Another example is the # operator. For the above table, #unsortable is 5 because unsortable[5] ~= nil and unsortable[6] == nil. Notice that the value stored at the numeric index math.pi is not counted even though pi is between 3 and 4 because it is not an integer. Furthermore, none of the other non-integer keys are counted either. This means that a simple for loop can iterate over the entire list:
for i in 1,#unsortable do
print(i,unsortable[i])
end
Although that is often written as
for i,v in ipairs(unsortable) do
print(i,v)
end
In short, Lua tables are unordered collections of values, each indexed by a key; but there is a special convention for sequential integer keys beginning at 1.

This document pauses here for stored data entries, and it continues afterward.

lemma fr_dual_add: "f \<in> fr_dual p \<Longrightarrow> g \<in> fr_dual p \<Longrightarrow> (\<lambda>x. f x + g x) \<in> fr_dual p"
  unfolding fr_dual_def by (auto intro: linear_compose_add continuous_map_add)

lemma fr_dual_scale:
  assumes "f \<in> fr_dual p"
  shows "(\<lambda>x. c * f x) \<in> fr_dual p"
proof -
  have "linear (\<lambda>x. c * f x)"
    using fr_dual_linear[OF assms] by (intro linearI) (auto simp: linear_add linear_scale algebra_simps)
  then show ?thesis
    using fr_dual_continuous[OF assms] continuous_map_real_mult_left by (auto simp: fr_dual_def)
qed

lemma fr_dual_uminus: "f \<in> fr_dual p \<Longrightarrow> (\<lambda>x. - f x) \<in> fr_dual p"
  using fr_dual_scale[of f p "-1"] by simp

lemma fr_dual_zero: "(\<lambda>x. 0) \<in> fr_dual p"
  unfolding fr_dual_def by (auto simp: linear_zero)

lemma ck_nonempty: "C \<in> ck p \<Longrightarrow> C \<noteq> {}"
  by (simp add: ck_def)

lemma supp_fun_attained:
  assumes "C \<in> ck p" "g \<in> fr_dual p"
  shows "\<exists>x\<in>C. supp_fun g C = g x \<and> (\<forall>y\<in>C. g y \<le> g x)"
proof -
  have "compactin euclideanreal (g ` C)"
    using image_compactin[OF _ fr_dual_continuous[OF assms(2)]] assms(1) by (auto simp: ck_def)
  then obtain x where x: "x \<in> C" "\<forall>y\<in>C. g y \<le> g x"
    using compact_attains_sup[of "g ` C"] ck_nonempty[OF assms(1)] by auto
  then have "supp_fun g C = g x"
    unfolding supp_fun_def by (intro cSup_eq_maximum) auto
  then show ?thesis using x by blast
qed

Edit: For the special case of non-integral keys with a suitable partial ordering, there is a work-around involving a separate index table. The described content of tables keyed by string values is a suitable example for this trick.
First, collect the keys in a new table, in the form of a list. That is, make a table indexed by consecutive integers beginning at 1 with keys as values and sort that. Then, use that index to iterate over the original table in the desired order.
For example, here is foreachinorder(), which uses this technique to iterate over all values of a table, calling a function for each key/value pair, in an order determined by a comparison function.
function foreachinorder(t, f, cmp)
-- first extract a list of the keys from t
local keys = {}
for k,_ in pairs(t) do
keys[#keys+1] = k
end
-- sort the keys according to the function cmp. If cmp
-- is omitted, table.sort() defaults to the < operator
table.sort(keys,cmp)
-- finally, loop over the keys in sorted order, and operate
-- on elements of t
for _,k in ipairs(keys) do
f(k,t[k])
end
end
It constructs an index, sorts it with table.sort(), then loops over each element in the sorted index and calls the function f for each one. The function f is passed the key and value. The sort order is determined by an optional comparison function which is passed to table.sort. It is called with two elements to compare (the keys to the table t in this case) and must return true if the first is less than the second. If omitted, table.sort uses the built-in < operator.
For example, given the following table:
t1 = {
a = 1,
b = 2,
c = 3,
}
then foreachinorder(t1,print) prints:
a 1
b 2
c 3
and foreachinorder(t1,print,function(a,b) return a>b end) prints:
c 3
b 2
a 1
You can only sort tables with consecutive integer keys starting at 1, i.e., lists. If you have another table of key-value pairs, you can make a list of pairs and sort that:
function sortpairs(t, lt)
local u = { }
for k, v in pairs(t) do table.insert(u, { key = k, value = v }) end
table.sort(u, lt)
return u
end
Of course this is useful only if you provide a custom ordering (lt) which expects as arguments key/value pairs.
This issue is discussed at greater length in a related question about sorting Lua tables.
Because they don't have any order in the first place. It's like trying to sort a garbage bag full of bananas.